== Segment start ==

(* Let $p$ be an odd prime, $n,k$ positive integers, $d=\frac{p^k+1}{2}$ and $F(x)=x^d$ on $\mathrm{GF}(p^n)$. Then $F$ is perfect $c$-nonlinear for $c=-1$ if and only if $\frac{k}{\gcd(k,n)}$ is even.
   Context: For a function $F:\mathrm{GF}(p^n)\to\mathrm{GF}(p^n)$ and $a,b,c\in\mathrm{GF}(p^n)$, let ${}_c\Delta_F(a,b)=\#\{x\in\mathrm{GF}(p^n): F(x+a)-cF(x)=b\}$. The $c$-differential uniformity of $F$ is ${}_c\Delta_F=\max\{{}_c\Delta_F(a,b): a,b\in\mathrm{GF}(p^n),\ \text{and } a\neq 0 \text{ if } c=1\}$. $F$ is perfect $c$-nonlinear (P$c$N) if ${}_c\Delta_F=1$. *)

theory Defs
  imports Main "HOL-Computational_Algebra.Primes"
begin

definition c_diff_count :: "('a::field \<Rightarrow> 'a) \<Rightarrow> 'a \<Rightarrow> 'a \<Rightarrow> 'a \<Rightarrow> nat" where
  "c_diff_count F c a b = card {x. F (x + a) - c * F x = b}"

definition c_diff_uniformity :: "('a::{field,finite} \<Rightarrow> 'a) \<Rightarrow> 'a \<Rightarrow> nat" where
  "c_diff_uniformity F c =
     Max {c_diff_count F c a b | a b. a \<noteq> 0 \<or> c \<noteq> 1}"

definition perfect_c_nonlinear :: "('a::{field,finite} \<Rightarrow> 'a) \<Rightarrow> 'a \<Rightarrow> bool" where
  "perfect_c_nonlinear F c \<longleftrightarrow> c_diff_uniformity F c = 1"
lemma min_vertex_cover_avoiding:
  assumes G: "simple_graph n E" and xy: "E x y"
    and indep: "\<forall>a b. E a b \<longrightarrow> \<not> (a \<in> S \<and> b \<in> S)"
    and no_nbr: "\<forall>s\<in>S. \<not> E y s"
  obtains C where "min_vertex_cover n E C" "C \<inter> S = {}" "x \<in> C" "y \<notin> C"
proof -
  have "vertex_cover n E ({..<n} - S - {y})"
    unfolding vertex_cover_def
  proof (intro conjI allI impI)
    fix a b assume ab: "E a b"
    then have "a < n" "b < n" "a \<noteq> b" "E b a" using G unfolding simple_graph_def by blast+
    then show "a \<in> {..<n} - S - {y} \<or> b \<in> {..<n} - S - {y}"
      using ab indep no_nbr by auto
  qed auto
  then have "\<exists>C\<subseteq>{..<n} - S - {y}. min_vertex_cover n E C"
    by (rule exists_min_vertex_cover_subset)
  then obtain C where C: "C \<subseteq> {..<n} - S - {y}" "min_vertex_cover n E C" by (elim exE conjE)
  then have "C \<inter> S = {}" "y \<notin> C" by auto
  moreover have "x \<in> C" using min_vertex_cover_covers[OF C(2) xy] \<open>y \<notin> C\<close> by blast
  ultimately show ?thesis using C(2) that by blast
qed

lemma min_vertex_cover_separating_edge:
  assumes G: "simple_graph n E" and e: "E i j"
    and indep: "\<forall>a b. E a b \<longrightarrow> \<not> (a \<in> S \<and> b \<in> S)"
    and no_pair: "\<forall>p q. E i p \<and> E j q \<and> p \<in> S \<and> q \<in> S \<longrightarrow> p = q"
    and no_common: "\<forall>t\<in>S. \<not> (E i t \<and> E j t)"
  obtains C where "min_vertex_cover n E C" "C \<inter> S = {}" "i \<in> C \<longleftrightarrow> j \<notin> C"
proof (cases "\<forall>s\<in>S. \<not> E j s")
  case True
  then show ?thesis using min_vertex_cover_avoiding[OF G e indep] that by metis
next
  case False
  then have "\<forall>s\<in>S. \<not> E i s" using no_pair no_common by metis
  moreover have "E j i" using G e unfolding simple_graph_def by blast
  ultimately show ?thesis using min_vertex_cover_avoiding[OF G _ indep] that by metis
qed

section \<open>The colon ideal\<close>

lemma symbolic_powerI:
  "x \<in> polyring n \<Longrightarrow> (\<And>C. min_vertex_cover n E C \<Longrightarrow> x \<in> ideal_pow (polyring n) (prime_of_cover n C) s)
    \<Longrightarrow> x \<in> symbolic_power n E s"
  unfolding symbolic_power_def by blast

lemma symbolic_powerD:
  "x \<in> symbolic_power n E s \<Longrightarrow> min_vertex_cover n E C
    \<Longrightarrow> x \<in> ideal_pow (polyring n) (prime_of_cover n C) s"
  unfolding symbolic_power_def by blast

definition edge_colon_gens :: "(nat \<Rightarrow> nat \<Rightarrow> bool) \<Rightarrow> nat \<Rightarrow> nat \<Rightarrow> 'a::field mpoly set" where
  "edge_colon_gens E i j =
     {Var a * Var b | a b. E a b}
     \<union> {Var p * Var q | p q. E i p \<and> E j q \<and> p \<noteq> q}
     \<union> {Var t | t. E i t \<and> E j t}"

lemma Var_mult_Var_in_ideal_pow_two:
  assumes "u \<in> C" "v \<in> C" "h \<in> polyring n"
  shows "h * (Var u * Var v) \<in> ideal_pow (polyring n) (prime_of_cover n C) 2"
proof -
  have Var: "Var w \<in> prime_of_cover n C" if "w \<in> C" for w
    using ideal_gen_generator[OF one_in_polyring, of "Var w" "Var ` C" n] that
    unfolding prime_of_cover_def by simp
  have "h \<in> ideal_pow (polyring n) (prime_of_cover n C) 0" using assms(3) by simp
  then have "h * Var u * Var v \<in> ideal_pow (polyring n) (prime_of_cover n C) (Suc (Suc 0))"
    using Var assms(1,2) one_in_polyring by (intro ideal_pow_Suc_mult)
  then show ?thesis by (simp add: numeral_2_eq_2 mult.assoc)
qed

lemma gen_mult_edge_factors_through_cover:
  assumes G: "simple_graph n E" and e: "E i j" and C: "min_vertex_cover n E C"
    and g: "g \<in> edge_colon_gens E i j"
  obtains u v h where "u \<in> C" "v \<in> C" "h \<in> polyring n" "g * (Var i * Var j) = h * (Var u * Var v)"
proof -
  have R: "Var a \<in> polyring n" "Var b \<in> polyring n" if "E a b" for a b
    using G that Var_in_polyring unfolding simple_graph_def by blast+
  have ij: "i \<in> C \<or> j \<in> C" using min_vertex_cover_covers[OF C e] .
  from g consider (edge) a b where "g = Var a * Var b" "E a b"
    | (pair) p q where "g = Var p * Var q" "E i p" "E j q"
    | (common) t where "g = Var t" "E i t" "E j t"
    unfolding edge_colon_gens_def by blast
  then show ?thesis
  proof cases
    case edge
    with ij min_vertex_cover_covers[OF C edge(2)] R[OF e] R[OF edge(2)] show ?thesis
      using that[of a i "Var b * Var j"] that[of a j "Var b * Var i"]
        that[of b i "Var a * Var j"] that[of b j "Var a * Var i"]
      by (auto simp: ac_simps intro: polyring_mult)
  next
    case pair
    with ij min_vertex_cover_covers[OF C pair(2)] min_vertex_cover_covers[OF C pair(3)] R[OF pair(2)] R[OF pair(3)]
    show ?thesis
      using that[of i j g] that[of p j "Var q * Var i"] that[of q i "Var p * Var j"]
      by (auto simp: ac_simps intro: polyring_mult)
  next
    case common
    with ij min_vertex_cover_covers[OF C common(2)] min_vertex_cover_covers[OF C common(3)] R[OF e] R[OF common(2)]
    show ?thesis
      using that[of i j g] that[of t j "Var i"] that[of t i "Var j"]
      by (auto simp: ac_simps)
  qed
qed

lemma ideal_gen_edge_colon_gens_subset_colon:
  assumes G: "simple_graph n E" and e: "E i j"
  shows "ideal_gen (polyring n) (edge_colon_gens E i j)
    \<subseteq> colon (polyring n) (symbolic_power n E 2 :: 'a::field mpoly set) (Var i * Var j)"
proof (rule ideal_gen_least)
  let ?J = "colon (polyring n) (symbolic_power n E 2 :: 'a mpoly set) (Var i * Var j)"
  have Var_R: "Var a \<in> polyring n" "Var b \<in> polyring n" if "E a b" for a b
    using G that Var_in_polyring unfolding simple_graph_def by blast+
  show "0 \<in> ?J"
    using subring_polyring[of n, where 'a='a] ideal_pow_Suc_zero[where k=1, unfolded Suc_1]
    unfolding colon_def subring_def by (auto intro: symbolic_powerI)
  show "x + y \<in> ?J" if x: "x \<in> ?J" and y: "y \<in> ?J" for x y
  proof -
    have "x + y \<in> polyring n" "(x + y) * (Var i * Var j) \<in> polyring n"
      using x y subring_polyring[of n, where 'a='a]
      unfolding colon_def symbolic_power_def subring_def distrib_right by auto
    moreover have "(x + y) * (Var i * Var j) \<in> ideal_pow (polyring n) (prime_of_cover n C) 2"
      if "min_vertex_cover n E C" for C
      using x y symbolic_powerD[OF _ that] ideal_pow_Suc_add[OF subring_polyring, where k=1, unfolded Suc_1]
      unfolding colon_def distrib_right by blast
    ultimately show ?thesis unfolding colon_def by (auto intro: symbolic_powerI)
  qed
  show "h * g \<in> ?J"
    if h: "h \<in> polyring n" and g: "g \<in> edge_colon_gens E i j" for h g
  proof -
    have "g \<in> polyring n"
      using g Var_R unfolding edge_colon_gens_def by (blast intro: polyring_mult)
    then have hg: "h * g \<in> polyring n" and hge: "h * g * (Var i * Var j) \<in> polyring n"
      using h Var_R[OF e] by (auto intro: polyring_mult)
    have "h * g * (Var i * Var j) \<in> ideal_pow (polyring n) (prime_of_cover n C) 2"
      if C: "min_vertex_cover n E C" for C
    proof -
      obtain u v h' where "u \<in> C" "v \<in> C" "h' \<in> polyring n" "g * (Var i * Var j) = h' * (Var u * Var v)"
        using gen_mult_edge_factors_through_cover[OF G e C g] .
      then show ?thesis
        using Var_mult_Var_in_ideal_pow_two[of u C v "h * h'" n] h by (simp add: polyring_mult mult.assoc)
    qed
    then show ?thesis using hg hge unfolding colon_def symbolic_power_def by blast
  qed
qed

== Segment end ==

§ **THE TASK**: Starting with the first line of the data above, copy each line exactly until you reach the line with "theory Defs"; include that line as well.

§ **FINAL ANSWER**:
(* Let $p$ be an odd prime, $n,k$ positive integers, $d=\frac{p^k+1}{2}$ and $F(x)=x^d$ on $\mathrm{GF}(p^n)$. Then $F$ is perfect $c$-nonlinear for $c=-1$ if and only if $\frac{k}{\gcd(k,n)}$ is even.
   Context: For a function $F:\mathrm{GF}(p^n)\to\mathrm{GF}(p^n)$ and $a,b,c\in\mathrm{GF}(p^n)$, let ${}_c\Delta_F(a,b)=\#\{x\in\mathrm{GF}(p^n): F(x+a)-cF(x)=b\}$. The $c$-differential uniformity of $F$ is ${}_c\Delta_F=\max\{{}_c\Delta_F(a,b): a,b\in\mathrm{GF}(p^n),\ \text{and } a\neq 0 \text{ if } c=1\}$. $F$ is perfect $c$-nonlinear (P$c$N) if ${}_c\Delta_F=1$. *)

theory Defs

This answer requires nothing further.